This is the results for Pre-pacakaged RDD, and the estimated LATE is 9.001 which is different from those (7.6627) in the above models.

The reason for the different LATE among models is that in this model triangular kernel is used as the default. Therfore, in the local linear regression around age 21, the farther away from the age 21, the smaller the weight which is applied to squared errors at that age. Hence, the farther away from the age 21, the smaller the effect on the estimated model.

The plot of the regression output is as follows:

Code

RD_h = RDestimate(all~agecell, data=data, cutpoint = 21)  # "triangular" kernel is the default
RD_h
plot(RD_h)

i. Prepackaged linear RDD

Analysis

## 
## Call:
## RDestimate(formula = all ~ agecell, data = data, cutpoint = 21, 
##     bw = 2, kernel = "rectangular")
## 
## Coefficients:
##      LATE    Half-BW  Double-BW  
##     7.663      9.753      7.663

This are the resuls for Pre-pacakaged RDD using the rectangular kernel bandwith =2 which ensures the same interval for the age data in Simple RD and Loocal linear Regression withough considering weights. Under the rectangular kernel, the same weights are appled to all data within the bandwidth. Hence, in this model, the LATE is 7.6627 which is the same as that in Simple RD and Loocal linear Regression withough weights.

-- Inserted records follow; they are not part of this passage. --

(* Let $\phi : D\to D'$ be a natural transformation between Dirichlet functors. Then $\phi$ is cartesian (i.e. for every function $g:X\to X'$ the naturality square with sides $\phi_{X'}:D(X')\to D'(X')$, $\phi_X:D(X)\to D'(X)$, $D(g)$, $D'(g)$ is a pullback in $\mathbf{Set}$) if and only if the square $D(1)\xrightarrow{\phi_1}D'(1)$ over $D(0)\xrightarrow{\phi_0}D'(0)$ (with vertical maps $D(!_0)$ and $D'(!_0)$) is a pullback. As a corollary, the equivalence $\mathbf{Dir}\simeq\mathbf{Set}^{\downarrow}$ given by evaluation at $!_0$ restricts to an equivalence $\mathbf{Dir}_{\ulcorner}\simeq\mathbf{Set}^{\downarrow}_{\ulcorner}$.
   Context: A Dirichlet functor is a functor $D:\mathbf{Set}^{op}\to\mathbf{Set}$ preserving connected limits; $\mathbf{Dir}$ is the category of Dirichlet functors and natural transformations, which is equivalent to $\mathbf{Set}^{\downarrow}$ (functions $E\to B$ and commuting squares) via $D\mapsto (D(!_0):D(1)\to D(0))$, where $!_0:0\to1$ is the unique map from the empty set. $\mathbf{Dir}_{\ulcorner}$ is the (wide) subcategory of Dirichlet functors and cartesian natural transformations; $\mathbf{Set}^{\downarrow}_{\ulcorner}$ is the subcategory of bundles and morphisms that are pullback squares. *)

theory Defs
  imports "HOL-Library.FuncSet"
begin

(* The category Set is modelled by the sets of a fixed universe type: objects are
  sets X :: 'a set, morphisms X \<rightarrow> Y are extensional functions g \<in> X in the extensional function space X to Y,
  composition is compose, identities are restrict id X. *)

(* The terminal object 1 and the unique map from the initial object 0 = {} to 1. *)
definition one_set :: "'a set" where
  "one_set = {undefined}"

definition bang0 :: "'a \<Rightarrow> 'a" where
  "bang0 = (\<lambda>x. undefined)"

definition contra_functor ::
  "('a set \<Rightarrow> 'b set) \<Rightarrow> ('a set \<Rightarrow> 'a set \<Rightarrow> ('a \<Rightarrow> 'a) \<Rightarrow> 'b \<Rightarrow> 'b) \<Rightarrow> bool" where
  "contra_functor Dob Dar \<longleftrightarrow>
     (\<forall>X Y g. g \<in> X \<rightarrow>\<^sub>E Y \<longrightarrow> Dar X Y g \<in> Dob Y \<rightarrow>\<^sub>E Dob X) \<and>
     (\<forall>X. Dar X X (restrict id X) = restrict id (Dob X)) \<and>
     (\<forall>X Y Z f g. f \<in> X \<rightarrow>\<^sub>E Y \<longrightarrow> g \<in> Y \<rightarrow>\<^sub>E Z \<longrightarrow>
        Dar X Z (compose X g f) = compose (Dob Z) (Dar X Y f) (Dar Y Z g))"

definition small_category ::
  "'k set \<Rightarrow> ('k \<Rightarrow> 'k \<Rightarrow> 'k set) \<Rightarrow> ('k \<Rightarrow> 'k) \<Rightarrow> ('k \<Rightarrow> 'k \<Rightarrow> 'k \<Rightarrow> 'k \<Rightarrow> 'k \<Rightarrow> 'k) \<Rightarrow> bool" where
  "small_category Ob Hom Idm Comp \<longleftrightarrow>
     (\<forall>i\<in>Ob. Idm i \<in> Hom i i) \<and>
     (\<forall>i\<in>Ob. \<forall>j\<in>Ob. \<forall>l\<in>Ob. \<forall>u\<in>Hom i j. \<forall>v\<in>Hom j l. Comp i j l v u \<in> Hom i l) \<and>
     (\<forall>i\<in>Ob. \<forall>j\<in>Ob. \<forall>u\<in>Hom i j. Comp i j j (Idm j) u = u \<and> Comp i i j u (Idm i) = u) \<and>
     (\<forall>i\<in>Ob. \<forall>j\<in>Ob. \<forall>l\<in>Ob. \<forall>m\<in>Ob. \<forall>u\<in>Hom i j. \<forall>v\<in>Hom j l. \<forall>w\<in>Hom l m.
        Comp i l m w (Comp i j l v u) = Comp i j m (Comp j l m w v) u)"

definition connected_cat :: "'k set \<Rightarrow> ('k \<Rightarrow> 'k \<Rightarrow> 'k set) \<Rightarrow> bool" where
  "connected_cat Ob Hom \<longleftrightarrow> Ob \<noteq> {} \<and>
     (let R = {(i, j). i \<in> Ob \<and> j \<in> Ob \<and> Hom i j \<noteq> {}}
      in \<forall>i\<in>Ob. \<forall>j\<in>Ob. (i, j) \<in> (R \<union> R\<inverse>)\<^sup>*)"

definition set_diagram ::
  "'k set \<Rightarrow> ('k \<Rightarrow> 'k \<Rightarrow> 'k set) \<Rightarrow> ('k \<Rightarrow> 'k) \<Rightarrow> ('k \<Rightarrow> 'k \<Rightarrow> 'k \<Rightarrow> 'k \<Rightarrow> 'k \<Rightarrow> 'k)
    \<Rightarrow> ('k \<Rightarrow> 'a set) \<Rightarrow> ('k \<Rightarrow> 'k \<Rightarrow> 'k \<Rightarrow> 'a \<Rightarrow> 'a) \<Rightarrow> bool" where
  "set_diagram Ob Hom Idm Comp Fob Fmor \<longleftrightarrow>
     (\<forall>i\<in>Ob. \<forall>j\<in>Ob. \<forall>u\<in>Hom i j. Fmor i j u \<in> Fob i \<rightarrow>\<^sub>E Fob j) \<and>
     (\<forall>i\<in>Ob. Fmor i i (Idm i) = restrict id (Fob i)) \<and>
     (\<forall>i\<in>Ob. \<forall>j\<in>Ob. \<forall>l\<in>Ob. \<forall>u\<in>Hom i j. \<forall>v\<in>Hom j l.
        Fmor i l (Comp i j l v u) = compose (Fob i) (Fmor j l v) (Fmor i j u))"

which LATE is more accurate depends on the linearity of before/after data in the sample. If the sample shows the non-linearity, the LATE from the triangular kernel will be more accurate. On the other hand, if the sample shows the linearity, the LATE from the triangular kernel will be more accurate

The plot of the regression output is as follows:

Code

RD_i = RDestimate(all~agecell, data=data, cutpoint = 21, kernel = "rectangular", bw=2)
RD_i
plot(RD_i)